The Copa do Brasil () is a knockout football competition played by 92 teams, representing all 26 Brazilian states plus the Federal District. It is the Brazilian domestic cup and the Brazilian equivalent of the FA Cup, Taça de Portugal, Copa del Rey, Scottish Cup and Copa Argentina. The Copa do Brasil is an opportunity for teams from smaller states to play against the big teams. The winner of the cup automatically qualifies for the following edition of the Copa Libertadores de América, the most prestigious continental football tournament contested by top clubs in South America organized by CONMEBOL.

Initially the Copa do Brasil was contested by 32 clubs. The field increased to 40 in 1996, increased to 69 by the year of 2000, and stabilized at 64 after 2001 which it remained at until 2012. Clubs from all 26 Brazilian states and the Federal District participate.

From 2001 to 2012, the Copa do Brasil was played in the first half of the year and in those seasons, due to busy scheduling, teams playing in the Copa Libertadores did not participate in the Copa do Brasil in the same year. Thus, the Copa do Brasil champion never defended their title in the next edition, since they would be qualified for the Copa Libertadores that year.

From 2013 to 2015, 87 teams participate in the cup and the teams that compete in the Copa Libertadores join the Copa do Brasil directly in the Round of 16. Also, the best 8 teams from the previous year's Campeonato Brasileiro Série A eliminated up to the third round qualify for Copa Sudamericana. In 2016, the competition was played by 86 clubs. From 2017 to 2020 the cup was contested by 91 teams but in 2021 the number of participants was increased to 92.

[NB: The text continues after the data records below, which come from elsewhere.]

(* Suppose that $A=\{a_1<a_2<\cdots<a_n\}$ is a set of integers with $a_1=1$ such that $A\oplus A\supseteq[k,k+m-1]$ for some integers $k$ and $m$. If $a_n\le m$, then $\mathcal M(n)\ge m-n$.
   Context: For a set $A$ of integers, $A\oplus A=\{a+b: a,b\in A,\ a\ne b\}$; $[x,y]$ denotes the set of integers $i$ with $x\le i\le y$, and $[m]=\{1,\dots,m\}$. An edge-magic labelling of a graph $G$ with $n$ vertices and $m'$ edges is a bijection $l:V(G)\cup E(G)\to[m'+n]$ such that $l(a)+l(b)+l(ab)$ is the same for all edges $ab$; $G$ is edge-magic if it admits one. $\mathcal M(n)$ denotes the maximum number of edges of an edge-magic graph with $n$ vertices. *)

theory Defs
  imports Main
begin

definition rsumset :: "int set \<Rightarrow> int set" where
  "rsumset A = {a + b | a b. a \<in> A \<and> b \<in> A \<and> a \<noteq> b}"

definition simple_graph_edges :: "nat \<Rightarrow> nat set set \<Rightarrow> bool" where
  "simple_graph_edges n E \<longleftrightarrow> E \<subseteq> {e. e \<subseteq> {..<n} \<and> card e = 2}"

definition edge_magic_labelling :: "nat \<Rightarrow> nat set set \<Rightarrow> (nat + nat set \<Rightarrow> nat) \<Rightarrow> bool" where
  "edge_magic_labelling n E l \<longleftrightarrow>
     bij_betw l (Inl ` {..<n} \<union> Inr ` E) {1..card E + n} \<and>
     (\<exists>c. \<forall>a b. {a, b} \<in> E \<longrightarrow> l (Inl a) + l (Inl b) + l (Inr {a, b}) = c)"

definition edge_magic :: "nat \<Rightarrow> nat set set \<Rightarrow> bool" where
  "edge_magic n E \<longleftrightarrow> simple_graph_edges n E \<and> (\<exists>l. edge_magic_labelling n E l)"

definition M :: "nat \<Rightarrow> nat" where
  "M n = Max {card E | E. edge_magic n E}"

end

theory Submission
  imports Defs
begin

text \<open>Enumerate \<open>A\<close> as the vertex labels of a graph on \<open>n = |A|\<close> vertices. Every
  \<open>x \<in> [1,m] \<setminus> A\<close> has \<open>k + m - x \<in> [k, k+m-1] \<subseteq> A \<oplus> A\<close>, so \<open>k + m - x = a + b\<close> with
  \<open>a \<noteq> b\<close> in \<open>A\<close>; join the vertices labelled \<open>a\<close> and \<open>b\<close> by an edge labelled \<open>x\<close>.
  Distinct \<open>x\<close> give distinct label sums, hence distinct edges, so the graph has \<open>m - n\<close>
  edges; since \<open>a\<^sub>1 = 1\<close> and \<open>a\<^sub>n \<le> m\<close>, the labels fill \<open>[1,m]\<close> exactly, and every edge
  has label sum \<open>k + m\<close>.\<close>

lemma finite_edge_magic_cards: "finite {card E | E. edge_magic n E}"
proof (rule finite_subset)
  show "{card E | E. edge_magic n E} \<subseteq> card ` Pow (Pow {..<n})"
    by (auto simp: edge_magic_def simple_graph_edges_def)
qed simp

lemma card_le_M: "edge_magic n E \<Longrightarrow> card E \<le> M n"
  unfolding M_def by (rule Max_ge[OF finite_edge_magic_cards]) blast

text \<open>Vertex \<open>i\<close> is labelled \<open>f i\<close> and edge \<open>e\<close> is labelled \<open>c - \<Sum>f e\<close>; labels covering
  \<open>[1, |E| + n]\<close> are bijective by counting.\<close>
lemma edge_magic_if_labels_cover:
  fixes f :: "nat \<Rightarrow> int" and c :: int
  assumes graph: "simple_graph_edges n E"
    and cover: "f ` {..<n} \<union> (\<lambda>e. c - sum f e) ` E = {1..int (card E + n)}"
  shows "edge_magic n E"
proof -
  define V :: "(nat + nat set) set" where "V = Inl ` {..<n} \<union> Inr ` E"
  define l where "l v = (case v of Inl i \<Rightarrow> nat (f i) | Inr e \<Rightarrow> nat (c - sum f e))" for v
  have "finite E"
    using graph unfolding simple_graph_edges_def by (auto intro: finite_subset)
  then have "finite V"
    unfolding V_def by simp
  have "card V = card E + n"
    unfolding V_def using \<open>finite E\<close> by (subst card_Un_disjoint) (auto simp: card_image)
  have "l ` V = nat ` (f ` {..<n} \<union> (\<lambda>e. c - sum f e) ` E)"
    unfolding V_def l_def by (auto simp: image_image image_Un)
  also have "\<dots> = nat ` int ` {1..card E + n}"
    unfolding cover by (simp add: image_int_atLeastAtMost)
  also have "\<dots> = {1..card E + n}"
    by (simp add: image_image)
  finally have "l ` V = {1..card E + n}" .
  with \<open>finite V\<close> \<open>card V = card E + n\<close> have "bij_betw l V {1..card E + n}"
    by (simp add: bij_betw_def inj_on_iff_eq_card)
  moreover have "l (Inl a) + l (Inl b) + l (Inr {a, b}) = nat c" if "{a, b} \<in> E" for a b
  proof -
    have "card {a, b} = 2"
      using that graph unfolding simple_graph_edges_def by auto
    then have "a \<noteq> b" by auto
    have "a < n" "b < n"
      using that graph unfolding simple_graph_edges_def by auto
    then have "f a \<ge> 1" "f b \<ge> 1" "c - sum f {a, b} \<ge> 1"
      using that cover by force+
    with \<open>a \<noteq> b\<close> show ?thesis
      unfolding l_def by simp
  qed
  ultimately show ?thesis
    using graph unfolding edge_magic_def edge_magic_labelling_def V_def by blast
qed

lemma rsumset_imageE:
  assumes "s \<in> rsumset (f ` I)"
  obtains e where "e \<subseteq> I" "card e = 2" "sum f e = s"
proof -
  from assms obtain i j where "i \<in> I" "j \<in> I" "f i \<noteq> f j" "s = f i + f j"
    unfolding rsumset_def by blast
  moreover from \<open>f i \<noteq> f j\<close> have "i \<noteq> j" by blast
  ultimately have "{i, j} \<subseteq> I" "card {i, j} = 2" "sum f {i, j} = s"
    by auto
  then show ?thesis ..
qed

lemma edge_magic_graph_from_rsumset:
  fixes A :: "int set" and k m :: int
  assumes "finite A" and "A \<subseteq> {1..m}" and "{k..k + m - 1} \<subseteq> rsumset A"
  obtains E where "edge_magic (card A) E" and "card E + card A = nat m"
proof -
  define n where "n = card A"
  obtain f where "bij_betw f {..<n} A"
    using ex_bij_betw_nat_finite[OF \<open>finite A\<close>] unfolding n_def lessThan_atLeast0 by blast
  then have f_image: "f ` {..<n} = A"
    by (simp add: bij_betw_def)
  define S where "S = {1..m} - A"
  have "\<exists>e. e \<subseteq> {..<n} \<and> card e = 2 \<and> sum f e = k + m - x" if "x \<in> S" for x
  proof -
    have "k + m - x \<in> rsumset (f ` {..<n})"
      using that assms(3) unfolding S_def f_image by auto
    then obtain e where "e \<subseteq> {..<n}" "card e = 2" "sum f e = k + m - x"
      by (rule rsumset_imageE)
    then show ?thesis
      by blast
  qed
  then obtain edge where edge: "edge x \<subseteq> {..<n}" "card (edge x) = 2" "sum f (edge x) = k + m - x"
    if "x \<in> S" for x
    by metis
  define E where "E = edge ` S"
  have "inj_on edge S"
  proof (rule inj_onI)
    fix x y assume "x \<in> S" "y \<in> S" "edge x = edge y"
    then have "k + m - x = k + m - y"
      using edge(3) by metis
    then show "x = y" by simp
  qed
  then have "card E = card S"
    unfolding E_def by (rule card_image)
  also have "\<dots> = nat m - n"
    unfolding S_def n_def using card_Diff_subset[OF assms(1,2)] by simp
  finally have card_E: "card E + n = nat m"
    using card_mono[OF _ assms(2)] unfolding n_def by simp
  have "simple_graph_edges n E"
    unfolding simple_graph_edges_def E_def using edge(1,2) by auto
  moreover have "f ` {..<n} \<union> (\<lambda>e. k + m - sum f e) ` E = {1..int (card E + n)}"
  proof -
    have "(\<lambda>e. k + m - sum f e) ` E = S"
      unfolding E_def image_image using edge(3) by simp
    then have "f ` {..<n} \<union> (\<lambda>e. k + m - sum f e) ` E = {1..m}"
      unfolding f_image S_def using assms(2) by blast
    also have "\<dots> = {1..int (card E + n)}"
      unfolding card_E by (cases "0 \<le> m") auto
    finally show ?thesis .
  qed
  ultimately have "edge_magic n E"
    by (rule edge_magic_if_labels_cover)
  then show ?thesis
    using card_E unfolding n_def by (rule that)
qed

theorem lemma1:
  fixes A :: "int set" and k m :: int
  assumes "finite A"
    and "A \<noteq> {}"
    and "Min A = 1"
    and "{k..k + m - 1} \<subseteq> rsumset A"
    and "Max A \<le> m"
  shows "int (M (card A)) \<ge> m - int (card A)"
proof -
  have A_sub: "A \<subseteq> {1..m}"
  proof
    fix a assume "a \<in> A"
    with assms(1,3,5) show "a \<in> {1..m}"
      by (metis Max_ge Min_le atLeastAtMost_iff order_trans)
  qed
  obtain E where "edge_magic (card A) E" and "card E + card A = nat m"
    by (rule edge_magic_graph_from_rsumset[OF assms(1) A_sub assms(4)])
  then have "card E \<le> M (card A)" and "m - int (card A) \<le> int (card E)"
    by (simp_all add: card_le_M)
  then show ?thesis
    by linarith
qed

end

Starting in 2023, the tournament has been sponsored by Betano and is thus currently known as the Copa Betano do Brasil for sponsorship reasons.

Cruzeiro is the most successful club, having won the competition six times, followed by Grêmio with 5 titles, Palmeiras and Flamengo with 4, Corinthians with 3, and Atlético Mineiro with 2. Another 10 clubs have won one edition of the competition, resulting in a total of 16 champions. The state with the highest number of titles is São Paulo , with 10. Only two states have champions from more than one city: São Paulo (Jundiaí, Santo André, Santos and São Paulo) and Rio Grande do Sul (Caxias do Sul and Porto Alegre). Rio de Janeiro is the only city with more than two champion clubs (Flamengo, Fluminense and Vasco da Gama).

Format
The competition is a single elimination knockout tournament featuring two-legged ties (in the third round onwards). In the first two rounds, the winner is known after a single leg. The first round is played in the lowest ranked team stadium, with the away team having a draw advantage to qualify.

Since the tournament's creation in 1989, the winner of the tournament qualifies for the next year's Copa Libertadores de América.

Eligible teams
The eligible teams to compete in the Copa do Brasil are the previous year's Copa do Brasil champion, the 70 best-placed clubs in the state championships (in which the number of spots per state range from one to five clubs), the top six clubs from the previous year's Campeonato Brasileiro Série A, the Copa do Nordeste (Northeast Cup) champion, the Copa Verde (Green Cup) champion, the ten highest-ranked clubs in CBF's ranking not already qualified, and two of the following: the Brazilian champion of the most recent Copa Libertadores (if there is one), the Brazilian champion of the most recent Copa Sudamericana (if there is one), the 7th place team of Campeonato Brasileiro Série A, or the champion of Campeonato Brasileiro Série B.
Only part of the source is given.